Nesta consignou-se: «Em relação às frações em falta perante o condomínio, foi deliberado e aprovado por unanimidade que, as frações em falta perante o condomínio, melhor discriminadas na listagem que ora se anexa à presente ata, deverão proceder ao pagamento das respetivas cotas em atraso, no prazo máximo de 10 (dez) dias, a contar da data da presente assembleia.
Por outro lado, foi ainda deliberado e aprovado por unanimidade, que o não pagamento das quantias em dívida no prazo supra estabelecido, confere ao administrador legitimidade para proceder à cobrança coerciva dos montantes em dívida, recorrendo à via judicial, mediante instauração da competente ação executiva, configurando a presente ata como título executivo. Por fim, foi deliberada e aprovada por unanimidade, para efeitos de instauração da suprarreferida ação, a verba de €400,00 (quatrocentos euros) acrescida de IVA à taxa legal, a título de honorários de mandatário judicial, devendo a mesma ser paga até dois dias antes da propositura da ação e respetivos encargos de cobrança no valor de €300,00 (trezentos euros), sendo certo que estes valores são considerados para pagamento de serviços de interesse comum, em conformidade com o disposto no nº 1 do artigo 6 do DL 268/94, de 25 de Outubro.»
Ora, compulsado o teor da referida acta, resulta para nós evidenciado que o que está em causa relativamente aos montantes aí indicados de 300,00€ e 400,00€ acrescidos de IVA, são despesas a título de honorários de advogado para cobrança das contribuições devidas pelo condómino faltoso (despesas com a cobrança extrajudicial e com a acção a propor, como no caso sucede com o presente processo executivo) e não verdadeiras penalidades (penas pecuniárias) na asserção do artigo 1434º do Código Civil, que permite que a assembleia possa fixar penas pecuniárias para a inobservância das disposições do código das deliberações da assembleia ou das decisões do administrador, tendo estas a natureza de uma sanção. (5)
Na decisão recorrida, contudo, a valoração efectuada teve como pressuposto a integração dos valores reclamados a título de penalidades pecuniárias deliberadas em acta, na sequência, aliás, do teor do requerimento executivo, que, indo além do que fora consignado na acta da assembleia, como vimos do seu teor, qualificou as referidas verbas como “penalidades para suporte de honorários de mandatário judicial”, embora em sede de recurso se perspective a sua valoração de forma diferenciada, fundando o recurso na alegação de que os honorários de mandatário judicial in casu não devem ser considerados penalidades, devem antes ser subsumíveis ao conceito de “serviços de interesse comum” no âmbito do n.° 1 do artigo 6.º do DL n.° 268/94, de 25.10 .
Todavia, independentemente da sua qualificação como “penalidades” ou “despesas com honorários de advogado para cobrança dos montantes em dívida”, subscrevemos a conclusão ínsita no despacho recorrido relativamente à inexistência de título executivo para a sua reclamação nesta sede.
Na verdade, importa atentar que o que está em causa na apreciação do recurso é a aferição da exequibilidade do título quanto aos montantes referidos, não estando este tribunal limitado, na análise da questão jurídica, aos argumentos jurídicos invocados quer na decisão recorrida, quer pelo recorrente em sede de recurso.

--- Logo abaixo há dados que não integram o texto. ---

(* Let $x\in\mathbb{R}$ and let $f:\mathbb{R}\to\mathbb{R}$ be analytic and nonzero on the interval $[0,x]$, with $f(0)=1$, and let $r>1$. For each nonempty finite set $\mathcal{S}\subset\mathbb{N}^*$ of positive integers define, for integers $n\ge |\mathcal{S}|$, \[ x_n(\mathcal{S},r,x)=\Big[\prod_{k\in\mathcal{S}}(r^k-1)^{1/k}\Big]\cdot\frac{x}{r^n}, \qquad \mathcal{P}_f(\mathcal{S},r,x)=\prod_{n=|\mathcal{S}|}^{\infty}\Big[f\big(x_n(\mathcal{S},r,x)\big)\Big]^{\binom{n-1}{|\mathcal{S}|-1}} . \] Then \[ f(x)=\lim_{r\downarrow 1}\ \frac{\prod_{|\mathcal{S}|\ \text{odd}}\mathcal{P}_f(\mathcal{S},r,x)}{\prod_{|\mathcal{S}|\ \text{even}}\mathcal{P}_f(\mathcal{S},r,x)}, \] where the product in the numerator runs over all nonempty finite subsets $\mathcal{S}\subset\mathbb{N}^*$ with an odd number of elements and the product in the denominator over all finite subsets $\mathcal{S}\subset\mathbb{N}^*$ with a (positive) even number of elements.
   Context: $\mathbb{N}^*$ denotes the set of positive integers and $|\mathcal{S}|$ the cardinality of $\mathcal{S}$. *)

theory Defs
  imports "HOL-Analysis.Analysis"
begin

definition real_analytic_at :: "(real \<Rightarrow> real) \<Rightarrow> real \<Rightarrow> bool" where
  "real_analytic_at f y \<longleftrightarrow>
     (\<exists>\<delta>>0. \<exists>a::nat \<Rightarrow> real. \<forall>z. \<bar>z - y\<bar> < \<delta> \<longrightarrow> (\<lambda>k. a k * (z - y) ^ k) sums f z)"

definition real_analytic_on :: "(real \<Rightarrow> real) \<Rightarrow> real set \<Rightarrow> bool" where
  "real_analytic_on f A \<longleftrightarrow> (\<forall>y\<in>A. real_analytic_at f y)"

definition xn :: "nat set \<Rightarrow> real \<Rightarrow> real \<Rightarrow> nat \<Rightarrow> real" where
  "xn S r x n = (\<Prod>k\<in>S. (r ^ k - 1) powr (1 / real k)) * x / r ^ n"

definition Pf :: "(real \<Rightarrow> real) \<Rightarrow> nat set \<Rightarrow> real \<Rightarrow> real \<Rightarrow> real" where
  "Pf f S r x = (\<Prod>i. f (xn S r x (i + card S)) ^ ((i + card S - 1) choose (card S - 1)))"

text \<open>Truncated ratio: sets S restricted to subsets of {1..N}.\<close>
definition ratioN :: "(real \<Rightarrow> real) \<Rightarrow> nat \<Rightarrow> real \<Rightarrow> real \<Rightarrow> real" where
  "ratioN f N r x =
     (\<Prod>S\<in>{S. S \<subseteq> {1..N} \<and> S \<noteq> {} \<and> odd (card S)}. Pf f S r x) /
     (\<Prod>S\<in>{S. S \<subseteq> {1..N} \<and> S \<noteq> {} \<and> even (card S)}. Pf f S r x)"

end
lemma submodular_on_geometric_rank:
  fixes r :: "'a set \<Rightarrow> nat"
  assumes mono: "\<And>S T. S \<subseteq> T \<Longrightarrow> T \<subseteq> M \<Longrightarrow> r S \<le> r T"
    and exchange: "\<And>S T. S \<subseteq> M \<Longrightarrow> T \<subseteq> M \<Longrightarrow> r S \<le> r T \<Longrightarrow> r T < r (S \<union> T)
                      \<Longrightarrow> r (S \<inter> T) < r S"
  shows "submodular_on M (\<lambda>S. 1 - (1/2) ^ r S)"
proof -
  have ineq: "(1/2::real) ^ r S + (1/2) ^ r T \<le> (1/2) ^ r (S \<union> T) + (1/2) ^ r (S \<inter> T)"
    if "S \<subseteq> M" "T \<subseteq> M" "r S \<le> r T" for S T
  proof (rule half_power_exchange)
    show "r (S \<inter> T) \<le> r S" "r T \<le> r (S \<union> T)"
      using that by (auto intro: mono)
    then show "r (S \<union> T) = r T \<or> r (S \<inter> T) < r S"
      using exchange[OF that] by linarith
  qed fact
  show ?thesis
    unfolding submodular_on_def
  proof (intro allI impI)
    fix S T assume "S \<subseteq> M" "T \<subseteq> M"
    then show "1 - (1/2) ^ r (S \<union> T) + (1 - (1/2) ^ r (S \<inter> T))
               \<le> 1 - (1/2) ^ r S + (1 - (1/2::real) ^ r T)"
      using ineq[of S T] ineq[of T S] by (cases "r S \<le> r T") (auto simp: Un_commute Int_commute)
  qed
qed

lemma satiation_only_at_topD:
  "satiation_only_at_top M pref \<Longrightarrow> S \<subseteq> M \<Longrightarrow> T \<subset> S \<Longrightarrow> j \<in> M - S \<Longrightarrow>
   indiff pref T (insert j T) \<Longrightarrow> indiff pref S (insert j S)"
  unfolding satiation_only_at_top_def by blast

lemma non_satiation_imp_satiation_only_at_top:
  assumes "non_satiation M pref"
  shows "satiation_only_at_top M pref"
  unfolding satiation_only_at_top_def
proof (intro allI impI ballI)
  fix S T j assume "S \<subseteq> M" "T \<subset> S" "j \<in> M - S" "indiff pref T (insert j T)"
  moreover have "strict_pref pref T (insert j T)"
    using assms \<open>S \<subseteq> M\<close> \<open>T \<subset> S\<close> \<open>j \<in> M - S\<close> unfolding non_satiation_def by blast
  ultimately show "indiff pref S (insert j S)"
    unfolding strict_pref_def indiff_def by blast
qed

context
  fixes M :: "'a set" and pref :: "'a set \<Rightarrow> 'a set \<Rightarrow> bool"
  assumes mp: "monotone_pref M pref"
begin

lemma monotone_pref_total: "S \<subseteq> M \<Longrightarrow> T \<subseteq> M \<Longrightarrow> pref S T \<or> pref T S"
  using mp[unfolded monotone_pref_def, THEN conjunct1] by blast

lemma monotone_pref_trans:
  "S \<subseteq> M \<Longrightarrow> T \<subseteq> M \<Longrightarrow> U \<subseteq> M \<Longrightarrow> pref S T \<Longrightarrow> pref T U \<Longrightarrow> pref S U"
  using mp[unfolded monotone_pref_def, THEN conjunct2, THEN conjunct1] by blast

lemma monotone_pref_mono: "S \<subseteq> T \<Longrightarrow> T \<subseteq> M \<Longrightarrow> pref S T"
  using mp[unfolded monotone_pref_def, THEN conjunct2, THEN conjunct2] by blast

lemma indiff_trans:
  "S \<subseteq> M \<Longrightarrow> T \<subseteq> M \<Longrightarrow> U \<subseteq> M \<Longrightarrow> indiff pref S T \<Longrightarrow> indiff pref T U \<Longrightarrow> indiff pref S U"
  unfolding indiff_def by (meson monotone_pref_trans)

lemma indiff_between:
  assumes "S \<subseteq> T" "T \<subseteq> U" "U \<subseteq> M" and "indiff pref S U"
  shows "indiff pref S T" "indiff pref T U"
  using assms monotone_pref_mono[of S T] monotone_pref_mono[of T U]
    monotone_pref_trans[of U S T] monotone_pref_trans[of T U S]
  unfolding indiff_def by (meson order_trans)+

lemma indiff_union_propagate:
  assumes soat: "satiation_only_at_top M pref" and "finite D"
  shows "D \<subseteq> M \<Longrightarrow> A \<subset> B \<Longrightarrow> B \<subseteq> M \<Longrightarrow> D \<inter> B = {} \<Longrightarrow>
         indiff pref A (A \<union> D) \<Longrightarrow> indiff pref B (B \<union> D)"
  using \<open>finite D\<close>
proof (induction D rule: finite_induct)
  case empty
  then show ?case
    using monotone_pref_mono[of B B] unfolding indiff_def by simp
next
  case (insert j D)
  have subsets: "B \<subseteq> M" "B \<union> D \<subseteq> M" "insert j (B \<union> D) \<subseteq> M"
    using insert.prems(1,3) by auto
  have "A \<union> D \<subseteq> insert j (A \<union> D)" "insert j (A \<union> D) \<subseteq> M"
    using insert.prems by auto
  moreover have "indiff pref A (insert j (A \<union> D))"
    using insert.prems(5) by simp
  ultimately have "indiff pref A (A \<union> D)" "indiff pref (A \<union> D) (insert j (A \<union> D))"
    using indiff_between[of A "A \<union> D" "insert j (A \<union> D)"] by auto
  have "indiff pref B (B \<union> D)"
    using insert.prems(1,4)
    by (intro insert.IH[OF _ insert.prems(2,3) _ \<open>indiff pref A (A \<union> D)\<close>]) auto
  moreover have "indiff pref (B \<union> D) (insert j (B \<union> D))"
  proof (rule satiation_only_at_topD[OF soat])
    show "A \<union> D \<subset> B \<union> D" "j \<in> M - (B \<union> D)"
      using insert.hyps(2) insert.prems(1-4) by auto
  qed fact+
  ultimately have "indiff pref B (insert j (B \<union> D))"
    using subsets indiff_trans by blast
  then show ?case
    by simp
qed

lemma submodular_representation_imp_satiation_only_at_top:
  assumes rep: "represents M v pref" and sub: "submodular_on M v"
  shows "satiation_only_at_top M pref"
  unfolding satiation_only_at_top_def
proof (intro allI impI ballI)
  fix S T j assume "S \<subseteq> M" "T \<subset> S" "j \<in> M - S" and ind: "indiff pref T (insert j T)"
  then have sets: "T \<subseteq> M" "insert j T \<subseteq> M" "insert j S \<subseteq> M"
    "insert j T \<union> S = insert j S" "insert j T \<inter> S = T"
    by auto
  have pref_iff: "\<And>X Y. X \<subseteq> M \<Longrightarrow> Y \<subseteq> M \<Longrightarrow> pref X Y \<longleftrightarrow> v X \<le> v Y"
    using rep unfolding represents_def by blast
  have "v (insert j T) = v T"
    using ind sets pref_iff unfolding indiff_def by (meson order_antisym)
  moreover have "v (insert j T \<union> S) + v (insert j T \<inter> S) \<le> v (insert j T) + v S"
    using sub sets \<open>S \<subseteq> M\<close> unfolding submodular_on_def by blast
  ultimately have "v (insert j S) \<le> v S"
    using sets by simp
  then show "indiff pref S (insert j S)"
    using monotone_pref_mono[of S "insert j S"] pref_iff \<open>S \<subseteq> M\<close> sets
    unfolding indiff_def by blast
qed
(* Let $X$ be a real Banach space with the Ball Huskable Property ($BHP$). Then for every separable closed subspace $Y$ of $X$ there exists a separable closed subspace $Z$ of $X$ with $Y\subseteq Z$ such that $Z$ has $BHP$.
   Context: For a real Banach space $X$, $B_X$ denotes its closed unit ball. $X$ has the Ball Huskable Property ($BHP$) if for every $\varepsilon>0$ there is a nonempty relatively weakly open subset of $B_X$ (i.e., a nonempty set of the form $U\cap B_X$ with $U$ open in the weak topology of $X$) of diameter less than $\varepsilon$. *)

theory Defs
  imports "HOL-Analysis.Analysis"
begin

definition bdd_lin_functional_on :: "'a::real_normed_vector set \<Rightarrow> ('a \<Rightarrow> real) \<Rightarrow> bool" where
  "bdd_lin_functional_on Z f \<longleftrightarrow>
     (\<forall>x\<in>Z. \<forall>y\<in>Z. f (x + y) = f x + f y) \<and>
     (\<forall>c. \<forall>x\<in>Z. f (c *\<^sub>R x) = c * f x) \<and>
     (\<exists>C. \<forall>x\<in>Z. \<bar>f x\<bar> \<le> C * norm x)"

definition weak_topology_on :: "'a::real_normed_vector set \<Rightarrow> 'a topology" where
  "weak_topology_on Z = topology_generated_by
     {{z \<in> Z. f z \<in> V} | f V. bdd_lin_functional_on Z f \<and> open V}"

definition unit_ball_of :: "'a::real_normed_vector set \<Rightarrow> 'a set" where
  "unit_ball_of Z = {z \<in> Z. norm z \<le> 1}"

definition BHP :: "'a::real_normed_vector set \<Rightarrow> bool" where
  "BHP Z \<longleftrightarrow> (\<forall>\<epsilon>>0. \<exists>U. openin (weak_topology_on Z) U \<and>
       U \<inter> unit_ball_of Z \<noteq> {} \<and> diameter (U \<inter> unit_ball_of Z) < \<epsilon>)"

end

theory Submission
  imports Defs
begin

text \<open>Choose, for each \<open>n\<close>, a weakly open slice of \<open>B_X\<close> of diameter below \<open>1/(n+1)\<close> and a
  point \<open>x\<^sub>n\<close> in it. A weakly open set of \<open>X\<close> meets a subspace \<open>Z\<close> in a weakly open set of \<open>Z\<close>
  (functionals on \<open>X\<close> restrict to \<open>Z\<close>), and \<open>B_Z \<subseteq> B_X\<close>, so any \<open>Z\<close> containing all the \<open>x\<^sub>n\<close>
  has BHP. It remains to take for \<open>Z\<close> the closed linear span of the \<open>x\<^sub>n\<close> together with a
  countable dense subset of \<open>Y\<close>; it is separable because the rational linear combinations
  of a countable set are countable and dense in it.\<close>

definition rational_span :: "'a::real_vector set \<Rightarrow> 'a set" where
  "rational_span A = (\<lambda>l. \<Sum>(q, v)\<leftarrow>l. of_rat q *\<^sub>R v) ` lists (UNIV \<times> A)"

lemma countable_rational_span: "countable A \<Longrightarrow> countable (rational_span A)"
  unfolding rational_span_def by (intro countable_image countable_lists countable_SIGMA) auto

lemma zero_in_rational_span: "0 \<in> rational_span A"
  unfolding rational_span_def by (auto intro!: image_eqI[where x="[]"])

lemma subset_rational_span: "A \<subseteq> rational_span A"
proof
  fix a assume "a \<in> A"
  then show "a \<in> rational_span A"
    unfolding rational_span_def by (auto intro!: image_eqI[where x="[(1, a)]"])
qed

lemma rational_span_add:
  assumes "a \<in> rational_span A" "b \<in> rational_span A"
  shows "a + b \<in> rational_span A"
proof -
  obtain l1 l2 where "l1 \<in> lists (UNIV \<times> A)" "l2 \<in> lists (UNIV \<times> A)"
    and "a = (\<Sum>(q, v)\<leftarrow>l1. of_rat q *\<^sub>R v)" "b = (\<Sum>(q, v)\<leftarrow>l2. of_rat q *\<^sub>R v)"
    using assms unfolding rational_span_def by blast
  then show ?thesis
    unfolding rational_span_def by (auto intro!: image_eqI[where x="l1 @ l2"])
qed

lemma rational_span_scaleR:
  assumes "a \<in> rational_span A" "c \<in> \<rat>"
  shows "c *\<^sub>R a \<in> rational_span A"
proof -
  obtain l where l: "l \<in> lists (UNIV \<times> A)" "a = (\<Sum>(q, v)\<leftarrow>l. of_rat q *\<^sub>R v)"
    using assms(1) unfolding rational_span_def by blast
  obtain r where r: "c = of_rat r"
    using assms(2) Rats_cases by blast
  let ?l = "map (\<lambda>(q, v). (r * q, v)) l"
  have "(\<Sum>(q, v)\<leftarrow>?l. of_rat q *\<^sub>R v) = of_rat r *\<^sub>R (\<Sum>(q, v)\<leftarrow>l. of_rat q *\<^sub>R v)"
    by (induction l) (auto simp: of_rat_mult scaleR_add_right)
  moreover have "?l \<in> lists (UNIV \<times> A)"
    using l(1) by auto
  ultimately show ?thesis
    using l r unfolding rational_span_def by (metis image_eqI)
qed

text \<open>Real scalars are reached as limits of rational ones.\<close>

lemma subspace_closure_of_rational_subspace:
  fixes C :: "'a::real_normed_vector set"
  assumes "0 \<in> C"
    and add: "\<And>x y. x \<in> C \<Longrightarrow> y \<in> C \<Longrightarrow> x + y \<in> C"
    and scale: "\<And>q x. x \<in> C \<Longrightarrow> q \<in> \<rat> \<Longrightarrow> q *\<^sub>R x \<in> C"
  shows "subspace (closure C)"
  unfolding subspace_def
proof (intro conjI ballI allI)
  show "0 \<in> closure C"
    using assms(1) closure_subset by blast
next
  fix x y assume "x \<in> closure C" "y \<in> closure C"
  then obtain a b where a: "\<forall>n. a n \<in> C" "a \<longlonglongrightarrow> x" and b: "\<forall>n. b n \<in> C" "b \<longlonglongrightarrow> y"
    unfolding closure_sequential by blast
  have "(\<lambda>n. a n + b n) \<longlonglongrightarrow> x + y"
    using a b by (auto intro: tendsto_add)
  moreover have "\<forall>n. a n + b n \<in> C"
    using a b add by blast
  ultimately show "x + y \<in> closure C"
    unfolding closure_sequential by (intro exI[where x="\<lambda>n. a n + b n"]) simp
next
  fix c :: real and x assume "x \<in> closure C"
  then obtain a where a: "\<forall>n. a n \<in> C" "a \<longlonglongrightarrow> x"
    unfolding closure_sequential by blast
  have "c \<in> closure \<rat>"
    by (simp add: Rats_closure_real)
  then obtain q where q: "\<forall>n. q n \<in> \<rat>" "q \<longlonglongrightarrow> c"
    unfolding closure_sequential by blast
  have "(\<lambda>n. q n *\<^sub>R a n) \<longlonglongrightarrow> c *\<^sub>R x"
    using a q by (auto intro: tendsto_scaleR)
  moreover have "\<forall>n. q n *\<^sub>R a n \<in> C"
    using a q scale by blast
  ultimately show "c *\<^sub>R x \<in> closure C"
    unfolding closure_sequential by (intro exI[where x="\<lambda>n. q n *\<^sub>R a n"]) simp
qed

lemma subspace_closure_rational_span:
  fixes A :: "'a::real_normed_vector set"
  shows "subspace (closure (rational_span A))"
  by (rule subspace_closure_of_rational_subspace)
    (simp_all add: zero_in_rational_span rational_span_add rational_span_scaleR)

lemma separable_space_closure:
  assumes "countable C"
  shows "separable_space (subtopology euclidean (closure C))"
  unfolding separable_space_def
proof (intro exI conjI)
  show "C \<subseteq> topspace (subtopology euclidean (closure C))"
    using closure_subset by auto
  have "closure C \<inter> C = C"
    using closure_subset by blast
  then show "subtopology euclidean (closure C) closure_of C = topspace (subtopology euclidean (closure C))"
    unfolding closure_of_subtopology by simp
qed (fact assms)

lemma separable_space_imp_subset_closure:
  assumes "separable_space (subtopology euclidean Y)"
  obtains D where "countable D" "Y \<subseteq> closure D"
proof -
  obtain D where "countable D" "D \<subseteq> Y" "subtopology euclidean Y closure_of D = Y"
    using assms unfolding separable_space_def by auto
  then have "Y \<subseteq> closure D"
    by (metis closure_of_subtopology euclidean_closure_of inf.absorb_iff2 inf_le2)
  then show thesis
    using \<open>countable D\<close> that by blast
qed

lemma bdd_lin_functional_on_subset:
  "bdd_lin_functional_on W f \<Longrightarrow> Z \<subseteq> W \<Longrightarrow> bdd_lin_functional_on Z f"
  unfolding bdd_lin_functional_on_def by blast

lemma openin_weak_topology_on_restrict:
  assumes "Z \<subseteq> W" and "openin (weak_topology_on W) U"
  shows "openin (weak_topology_on Z) (U \<inter> Z)"
proof -
  let ?S = "\<lambda>Z. {{z \<in> Z. f z \<in> V} | f V. bdd_lin_functional_on Z f \<and> open V}"
  have "generate_topology_on (?S W) U"
    using assms(2) unfolding weak_topology_on_def openin_topology_generated_by_iff .
  then have "generate_topology_on (?S Z) (U \<inter> Z)"
  proof (induction rule: generate_topology_on.induct)
    case Empty
    then show ?case by (simp add: generate_topology_on.Empty)
  next
    case (Int a b)
    have "a \<inter> b \<inter> Z = (a \<inter> Z) \<inter> (b \<inter> Z)" by blast
    then show ?case
      using Int by (simp add: generate_topology_on.Int)
  next
    case (UN K)
    have "generate_topology_on (?S Z) (\<Union>((\<lambda>k. k \<inter> Z) ` K))"
      using UN by (intro generate_topology_on.UN) auto
    moreover have "\<Union>K \<inter> Z = \<Union>((\<lambda>k. k \<inter> Z) ` K)" by blast
    ultimately show ?case by (simp only:)
  next
    case (Basis s)
    then obtain f V where s: "s = {z \<in> W. f z \<in> V}" and "bdd_lin_functional_on W f" "open V"
      by blast
    then have "{z \<in> Z. f z \<in> V} \<in> ?S Z"
      using assms(1) bdd_lin_functional_on_subset by blast
    moreover have "s \<inter> Z = {z \<in> Z. f z \<in> V}"
      using assms(1) s by blast
    ultimately show ?case
      by (simp add: generate_topology_on.Basis)
  qed
  then show ?thesis
    unfolding weak_topology_on_def openin_topology_generated_by_iff .
qed

lemma BHP_witnessed_by_countable_set:
  assumes "BHP (UNIV :: 'a::real_normed_vector set)"
  obtains S where "countable S" "\<And>Z. S \<subseteq> (Z :: 'a set) \<Longrightarrow> BHP Z"
proof -
  have "\<forall>n::nat. \<exists>U x. openin (weak_topology_on UNIV) U \<and> x \<in> U \<inter> unit_ball_of UNIV \<and>
      diameter (U \<inter> unit_ball_of (UNIV :: 'a set)) < 1 / real (Suc n)"
  proof
    fix n :: nat
    obtain U where "openin (weak_topology_on UNIV) U" "U \<inter> unit_ball_of UNIV \<noteq> {}"
      "diameter (U \<inter> unit_ball_of (UNIV :: 'a set)) < 1 / real (Suc n)"
      using assms unfolding BHP_def by (meson of_nat_0_less_iff zero_less_Suc divide_pos_pos zero_less_one)
    then show "\<exists>U x. openin (weak_topology_on UNIV) U \<and> x \<in> U \<inter> unit_ball_of UNIV \<and>
        diameter (U \<inter> unit_ball_of (UNIV :: 'a set)) < 1 / real (Suc n)"
      by blast
  qed
  then obtain U x where U: "\<And>n. openin (weak_topology_on UNIV) (U n)"
    and x: "\<And>n. x n \<in> U n \<inter> unit_ball_of UNIV"
    and diam: "\<And>n. diameter (U n \<inter> unit_ball_of (UNIV :: 'a set)) < 1 / real (Suc n)"
    by metis
  have "BHP Z" if "range x \<subseteq> Z" for Z
    unfolding BHP_def
  proof (intro allI impI)
    fix e :: real assume "e > 0"
    then obtain n where n: "1 / real (Suc n) < e"
      by (metis nat_approx_posE)
    have slice: "U n \<inter> Z \<inter> unit_ball_of Z \<subseteq> U n \<inter> unit_ball_of UNIV"
      unfolding unit_ball_of_def by auto
    have "bounded (U n \<inter> unit_ball_of (UNIV :: 'a set))"
      unfolding unit_ball_of_def by (rule bounded_subset[of "cball 0 1"]) auto
    then have "diameter (U n \<inter> Z \<inter> unit_ball_of Z) < e"
      using diameter_subset[OF slice] diam[of n] n by linarith
    moreover have "openin (weak_topology_on Z) (U n \<inter> Z)"
      using U by (rule openin_weak_topology_on_restrict[rotated]) simp
    moreover have "x n \<in> U n \<inter> Z \<inter> unit_ball_of Z"
      using x[of n] that unfolding unit_ball_of_def by auto
    ultimately show "\<exists>V. openin (weak_topology_on Z) V \<and> V \<inter> unit_ball_of Z \<noteq> {} \<and>
        diameter (V \<inter> unit_ball_of Z) < e"
      by blast
  qed
  then show thesis
    using that[of "range x"] by blast
qed

theorem mainTheorem3:
  assumes "BHP (UNIV :: 'a::banach set)"
  shows "\<forall>Y :: 'a set. subspace Y \<and> closed Y \<and> separable_space (subtopology euclidean Y) \<longrightarrow>
           (\<exists>Z. subspace Z \<and> closed Z \<and> separable_space (subtopology euclidean Z) \<and>
                Y \<subseteq> Z \<and> BHP Z)"
proof (intro allI impI)
  fix Y :: "'a set"
  assume "subspace Y \<and> closed Y \<and> separable_space (subtopology euclidean Y)"
  then obtain D where D: "countable D" "Y \<subseteq> closure D"
    using separable_space_imp_subset_closure by blast
  obtain S :: "'a set" where S: "countable S" "\<And>Z. S \<subseteq> Z \<Longrightarrow> BHP Z"
    using BHP_witnessed_by_countable_set[OF assms] by blast
  define Z where "Z = closure (rational_span (D \<union> S))"
  have "D \<union> S \<subseteq> Z"
    unfolding Z_def using subset_rational_span closure_subset by (rule order_trans)
  then have "Y \<subseteq> Z"
    using D(2) closure_minimal[of D Z] unfolding Z_def by blast
  moreover have "separable_space (subtopology euclidean Z)"
    unfolding Z_def using D(1) S(1) by (intro separable_space_closure countable_rational_span) simp
  moreover have "subspace Z" "closed Z"
    unfolding Z_def by (simp_all add: subspace_closure_rational_span)
  moreover have "BHP Z"
    using S(2) \<open>D \<union> S \<subseteq> Z\<close> by blast
  ultimately show "\<exists>Z. subspace Z \<and> closed Z \<and> separable_space (subtopology euclidean Z) \<and>
      Y \<subseteq> Z \<and> BHP Z"
    by blast
qed

end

Deste modo, prossigamos, concretizando:

A primeira questão reside em saber se perante os termos do artigo 6. n.° 1, do Decreto-lei n. 268/94, de 25 de Outubro, a acta da reunião da assembleia de condóminos que tiver deliberado penalizar o condómino pelo incumprimento da obrigação de pagar a quota mensal do condomínio constitui título executivo para cobrança coerciva dos montantes fixados a título de penalizações, designadamente por tais penas pecuniárias caberem ‘nas contribuições devidas ao condomínio” a que alude o preceito.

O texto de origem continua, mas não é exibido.